• Stored records:

text \<open>For fixed nonzero \<open>x\<close> with \<open>|x| \<le> B\<close>, the admissible \<open>a\<close> are the zeros, in the box
  of radius \<open>A\<close>, of the linear form with coefficients \<open>y_j = x_j^k\<close>. With \<open>g = gcd(y) = gcd(x)^k\<close>,
  every multiple \<open>t g\<close> with \<open>|t| \<le> A |x|^k / g\<close> is a value of the form at a point of size
  \<open>O(A)\<close>; this is where \<open>|x|^k \<le> B^k \<le> A\<close> is used. Translating the zeros by these points
  maps zeros \<open>\<times>\<close> multiples injectively into a box of radius \<open>O(A)\<close>, so there are
  \<open>O(A^(s-1) (gcd(x) / |x|)^k)\<close> zeros. Summing over \<open>x\<close>, grouped by the common divisors \<open>d\<close>
  of its coordinates, gives \<open>O(B^(s-k)) \<Sum>_d d^(-2)\<close>, because
  \<open>\<Sum>_(0 < |z| \<le> T) |z|^(-k) = O(T^(s-k))\<close> for \<open>k < s\<close>.\<close>

section \<open>Integer boxes and the sup-norm\<close>

definition lattice_box :: "nat \<Rightarrow> int \<Rightarrow> (nat \<Rightarrow> int) set" where
  "lattice_box s r = {x. (\<forall>j<s. \<bar>x j\<bar> \<le> r) \<and> (\<forall>j\<ge>s. x j = 0)}"

lemma lattice_box_Suc:
  "lattice_box (Suc s) r = (\<lambda>(x, v). x(s := v)) ` (lattice_box s r \<times> {-r..r})"
proof (intro set_eqI iffI)
  fix x assume x: "x \<in> lattice_box (Suc s) r"
  then have "(x(s := 0), x s) \<in> lattice_box s r \<times> {-r..r}"
    by (auto simp: lattice_box_def)
  moreover have "x = (\<lambda>(x, v). x(s := v)) (x(s := 0), x s)" by simp
  ultimately show "x \<in> (\<lambda>(x, v). x(s := v)) ` (lattice_box s r \<times> {-r..r})" by blast
qed (auto simp: lattice_box_def less_Suc_eq)

lemma inj_on_fun_upd_lattice_box:
  "inj_on (\<lambda>(x, v). x(s := v)) (lattice_box s r \<times> V)"
proof (rule inj_onI, clarify)
  fix x v y w assume "x \<in> lattice_box s r" "y \<in> lattice_box s r" and eq: "x(s := v) = y(s := w)"
  then have "x s = y s" by (simp add: lattice_box_def)
  with eq show "x = y \<and> v = w" by (metis fun_upd_eqD fun_upd_triv fun_upd_upd)
qed

lemma lattice_box_0 [simp]: "lattice_box 0 r = {\<lambda>_. 0}"
  by (auto simp: lattice_box_def)

lemma finite_lattice_box: "finite (lattice_box s r)"
  by (induction s) (simp_all add: lattice_box_Suc)

lemma card_lattice_box: "card (lattice_box s r) = nat (2 * r + 1) ^ s"
  by (induction s) (simp_all add: lattice_box_Suc card_image inj_on_fun_upd_lattice_box
      card_cartesian_product)

lemma lattice_box_mono: "r \<le> r' \<Longrightarrow> lattice_box s r \<subseteq> lattice_box s r'"
  by (auto simp: lattice_box_def)

lemma supnorm_nonneg: "0 \<le> supnorm s x"
  by (auto simp: supnorm_def)

lemma abs_le_supnorm: "j < s \<Longrightarrow> \<bar>x j\<bar> \<le> supnorm s x"
  unfolding supnorm_def by (rule Max_ge) auto

lemma supnorm_le_iff: "0 \<le> r \<Longrightarrow> supnorm s x \<le> r \<longleftrightarrow> (\<forall>j<s. \<bar>x j\<bar> \<le> r)"
  by (auto simp: supnorm_def)

lemma supnorm_attained:
  assumes "0 < supnorm s x" shows "\<exists>m<s. \<bar>x m\<bar> = supnorm s x"
proof -
  have "supnorm s x \<in> insert 0 ((\<lambda>j. \<bar>x j\<bar>) ` {0..<s})"
    unfolding supnorm_def by (rule Max_in) auto
  with assms show ?thesis by auto
qed

lemma supnorm_mult:
  assumes "0 \<le> d" shows "supnorm s (\<lambda>j. d * x j) = d * supnorm s x"
proof -
  have "mono ((*) d)" using assms by (auto simp: mono_def mult_left_mono)
  then have "d * supnorm s x = Max ((*) d ` insert 0 ((\<lambda>j. \<bar>x j\<bar>) ` {0..<s}))"
    unfolding supnorm_def by (rule mono_Max_commute) auto
  also have "(*) d ` insert 0 ((\<lambda>j. \<bar>x j\<bar>) ` {0..<s}) = insert 0 ((\<lambda>j. \<bar>d * x j\<bar>) ` {0..<s})"
    using assms by (auto simp: abs_mult image_image)
  finally show ?thesis by (simp add: supnorm_def)
qed

lemma lattice_box_iff_supnorm:
  "0 \<le> r \<Longrightarrow> x \<in> lattice_box s r \<longleftrightarrow> supnorm s x \<le> r \<and> (\<forall>j\<ge>s. x j = 0)"
  by (simp add: lattice_box_def supnorm_le_iff)

lemma supnorm_pos_iff:
  assumes "x \<in> lattice_box s r" shows "0 < supnorm s x \<longleftrightarrow> x \<noteq> (\<lambda>_. 0)"
proof -
  have "(\<forall>j. x j = 0) \<longleftrightarrow> (\<forall>j<s. x j = 0)"
    using assms by (auto simp: lattice_box_def) (meson not_le)+
  then show ?thesis using supnorm_le_iff[of 0 s x] by (auto simp: fun_eq_iff not_less)
qed

lemma supnorm_lattice_shell:
  assumes "0 \<le> r" "z \<in> lattice_box s (r + 1) - lattice_box s r"
  shows "supnorm s z = r + 1"
proof -
  obtain j where "j < s" "r < \<bar>z j\<bar>" using assms by (auto simp: lattice_box_def)
  then have "r + 1 \<le> supnorm s z" using abs_le_supnorm[of j s z] by linarith
  moreover have "supnorm s z \<le> r + 1" using assms by (simp add: lattice_box_iff_supnorm)
  ultimately show ?thesis by simp
qed

section \<open>Zeros of a linear form in a box\<close>

lemma Gcd_image_eq_sum:
  fixes x :: "'a \<Rightarrow> int"
  assumes "finite A" shows "\<exists>c. Gcd (x ` A) = (\<Sum>j\<in>A. c j * x j)"
  using assms
proof (induction A rule: finite_induct)
  case empty then show ?case by simp
next
  case (insert i A)
  then obtain c where c: "Gcd (x ` A) = (\<Sum>j\<in>A. c j * x j)" by blast
  obtain u v where uv: "u * x i + v * Gcd (x ` A) = gcd (x i) (Gcd (x ` A))"
    using bezout_int by blast
  define c' where "c' j = (if j = i then u else v * c j)" for j
  have "(\<Sum>j\<in>insert i A. c' j * x j) = u * x i + v * (\<Sum>j\<in>A. c j * x j)"
    using insert(1,2) by (auto simp: c'_def sum_distrib_left mult.assoc intro!: sum.cong)
  with c uv show ?case by (metis image_insert Gcd_insert)
qed

lemma Gcd_image_power:
  fixes x :: "'a \<Rightarrow> int"
  assumes "finite A" "0 < k" shows "Gcd ((\<lambda>j. x j ^ k) ` A) = Gcd (x ` A) ^ k"
  using assms by (induction A rule: finite_induct) (simp_all del: gcd_exp add: gcd_exp[symmetric])

lemma Gcd_image_pos:
  fixes x :: "'a \<Rightarrow> int"
  assumes "j \<in> A" "x j \<noteq> 0" shows "0 < Gcd (x ` A)"
  using assms Gcd_int_greater_eq_0[of "x ` A"] by (auto simp: order_le_less)

lemma Gcd_lattice_box_bounds:
  assumes "x \<in> lattice_box s Q" "x \<noteq> (\<lambda>_. 0)"
  shows "0 < Gcd (x ` {..<s}) \<and> Gcd (x ` {..<s}) \<le> Q"
proof -
  obtain j where j: "j < s" "x j \<noteq> 0"
    using assms by (auto simp: lattice_box_def fun_eq_iff) (meson not_le)
  then have "Gcd (x ` {..<s}) \<le> \<bar>x j\<bar>"
    using dvd_imp_le_int[OF j(2) Gcd_dvd[of "x j" "x ` {..<s}"]] by simp
  also have "\<dots> \<le> Q" using assms(1) j(1) by (simp add: lattice_box_def)
  finally show ?thesis using Gcd_image_pos[of j "{..<s}" x] j by simp
qed

lemma linear_form_attains_multiple:
  fixes y c :: "nat \<Rightarrow> int"
  assumes m: "m < s" "\<bar>y m\<bar> = Y" and y_le: "\<forall>j<s. \<bar>y j\<bar> \<le> Y" and Y: "0 < Y" "Y \<le> P"
    and g: "g = (\<Sum>j<s. c j * y j)" "0 < g" and t: "\<bar>t\<bar> * g \<le> P * Y"
  shows "\<exists>w \<in> lattice_box s ((int s + 1) * P). (\<Sum>j<s. w j * y j) = t * g"
proof -
  txt \<open>Reduce the coefficients of \<open>t * g = (\<Sum>j<s. t * c j * y j)\<close> modulo \<open>Y\<close> off the
    coordinate \<open>m\<close>; the rest is divisible by \<open>y m = \<plusminus>Y\<close> and is absorbed by coordinate \<open>m\<close>.\<close>
  define b where "b j = (if j < s \<and> j \<noteq> m then (t * c j) mod Y else 0)" for j
  define R where "R = (\<Sum>j<s. b j * y j)"
  have b: "0 \<le> b j \<and> b j \<le> Y" for j
    using Y by (auto simp: b_def intro: less_imp_le)
  have "y m dvd (t * c j - b j) * y j" if "j < s" for j
  proof (cases "j = m")
    case False
    then have "t * c j - b j = Y * (t * c j div Y)"
      using that by (simp add: b_def minus_mod_eq_mult_div)
    then show ?thesis using m(2) by (metis abs_dvd_iff dvd_refl dvd_mult2 mult.assoc)
  qed simp
  then have "y m dvd (\<Sum>j<s. (t * c j - b j) * y j)" by (auto intro: dvd_sum)
  also have "(\<Sum>j<s. (t * c j - b j) * y j) = t * g - R"
    by (simp add: g R_def sum_distrib_left sum_subtractf algebra_simps)
  finally obtain q where q: "t * g - R = y m * q" by (elim dvdE)
  define w where "w = b(m := q)"
  have "w j * y j = b j * y j + (if j = m then y m * q else 0)" for j
    by (simp add: w_def b_def)
  then have w_sum: "(\<Sum>j<s. w j * y j) = t * g"
    using m(1) q by (simp add: sum.distrib R_def[symmetric])
  have "\<bar>R\<bar> \<le> (\<Sum>j<s. Y * Y)"
    unfolding R_def using b y_le
    by (intro order_trans[OF sum_abs] sum_mono) (simp add: abs_mult mult_mono')
  also have "\<dots> \<le> int s * P * Y" using Y by (simp add: mult_right_mono mult_left_mono flip: mult.assoc)
  finally have R: "\<bar>R\<bar> \<le> int s * P * Y" .
  have "\<bar>q\<bar> * Y = \<bar>t * g - R\<bar>" using q m(2) by (simp add: abs_mult)
  also have "\<dots> \<le> \<bar>t\<bar> * g + int s * P * Y"
    using R g(2) abs_triangle_ineq4[of "t * g" R] by (simp add: abs_mult)
  also have "\<dots> \<le> ((int s + 1) * P) * Y" using t by (simp add: algebra_simps)
  finally have "\<bar>q\<bar> \<le> (int s + 1) * P" using Y by simp
  moreover have "\<bar>b j\<bar> \<le> (int s + 1) * P" for j
  proof -
    have "\<bar>b j\<bar> \<le> P" using b[of j] Y by simp
    also have "P \<le> (int s + 1) * P" using Y by (simp add: algebra_simps)
    finally show ?thesis .
  qed
  moreover have "b j = 0" if "s \<le> j" for j using that by (simp add: b_def)
  ultimately have "w \<in> lattice_box s ((int s + 1) * P)"
    using m(1) by (auto simp: lattice_box_def w_def)
  with w_sum show ?thesis by blast
qed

• TASK DETAILS: Look over the records above and say how many lines hold the word "where", giving the number alone.

• RESULT OF THIS EXERCISE: 11